Under hyperinflation daily inflation-adjustment of the entire money supply is possible by means of the daily black market rate. Under low inflation, high inflation and deflation this is possible by means of the Daily CPI that exists in all countries issuing government inflation-indexed bonds (95+ per cent of the world economy). These bonds trade daily and are priced daily in terms of a Daily CPI which is normally a one or two month lagged daily interpolation of the monthly published CPI. TIPS are priced like that daily.
Chile currently inflation-adjusts 25 percent of its broad M3 money supply on a daily basis in terms of their Unidad de Fomento. At least USD 3.5 trillion is inflation-adjusted daily in the global sovereign inflation-indexed bond market.
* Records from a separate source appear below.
text \<open>Unlike \<open>nn_integral_cmult\<close>, no measurability of \<open>f\<close> is needed; this matters because
  \<open>x \<mapsto> \<phi> x (f x)\<close> need not be measurable when \<open>\<phi>\<close> is only measurable in \<open>x\<close> level by level.\<close>
lemma nn_integral_cmult_le:
  fixes c :: real and f :: "'a \<Rightarrow> ennreal"
  assumes c: "c > 0"
  shows "(\<integral>\<^sup>+x. ennreal c * f x \<partial>M) \<le> ennreal c * (\<integral>\<^sup>+x. f x \<partial>M)"
  unfolding nn_integral_def[of M "\<lambda>x. ennreal c * f x"]
proof (rule SUP_least)
  fix g assume g: "g \<in> {g. simple_function M g \<and> g \<le> (\<lambda>x. ennreal c * f x)}"
  define g' where "g' x = ennreal (1 / c) * g x" for x
  have inv: "ennreal (1 / c) * ennreal c = 1" using c by (simp add: ennreal_mult[symmetric])
  have simple: "simple_function M g'" using g unfolding g'_def by auto
  have "g' \<le> f"
  proof (rule le_funI)
    fix x
    have "g' x \<le> ennreal (1 / c) * (ennreal c * f x)"
      unfolding g'_def using g by (intro mult_left_mono) (auto simp: le_fun_def)
    also have "\<dots> = f x" using inv by (simp add: mult.assoc[symmetric])
    finally show "g' x \<le> f x" .
  qed
  have "g = (\<lambda>x. ennreal c * g' x)"
    using inv by (auto simp: g'_def mult.assoc[symmetric] mult.commute[of "ennreal c"])
  then have "integral\<^sup>S M g = ennreal c * integral\<^sup>S M g'"
    using simple_integral_mult[OF simple] by simp
  also have "integral\<^sup>S M g' \<le> (\<integral>\<^sup>+x. f x \<partial>M)"
    unfolding nn_integral_def using simple \<open>g' \<le> f\<close> by (intro SUP_upper) auto
  finally show "integral\<^sup>S M g \<le> ennreal c * (\<integral>\<^sup>+x. f x \<partial>M)"
    by (simp add: mult_left_mono)
qed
Whereas daily inflation-adjustment of the complete money supply would remove the cost/gain from inflation / deflation, including hyperinflation (not inflation/deflation or hyperinflation), from only the monetary economy (excluding from actual bank notes and coins), financial capital maintenance in units of constant purchasing power, the IASB´s alternative to Historical Cost Accounting, authorized in IFRS in 1989, in terms of a daily CPI or daily black market rate would remove the total cost of the stable measuring unit assumption from the entire economy; i.e., abandoning the HCA model.
It is thus currently possible to run an entire economy with constant real value monetary items (excluding bank notes and coins) and constant real value non-monetary items. The split of non-monetary items in variable real value non-monetary items and constant real value non-monetary items is inferred in IFRS.
I could explain this to Iran, but then the US government would be very upset with me. I have no intention of explaining this to Iran. They may read it on my blog though.
I am trying (quite unsuccessfully so far) to get Venezuela, which is in hyperinflation in terms of the IASB´s definition, to abandon traditional HCA and to change over to IFRS-authorized financial capital maintenance in units of constant purchasing power in terms of their Daily CPI. Venezuela issues government inflation-indexed bonds and this Daily CPI is available in the country.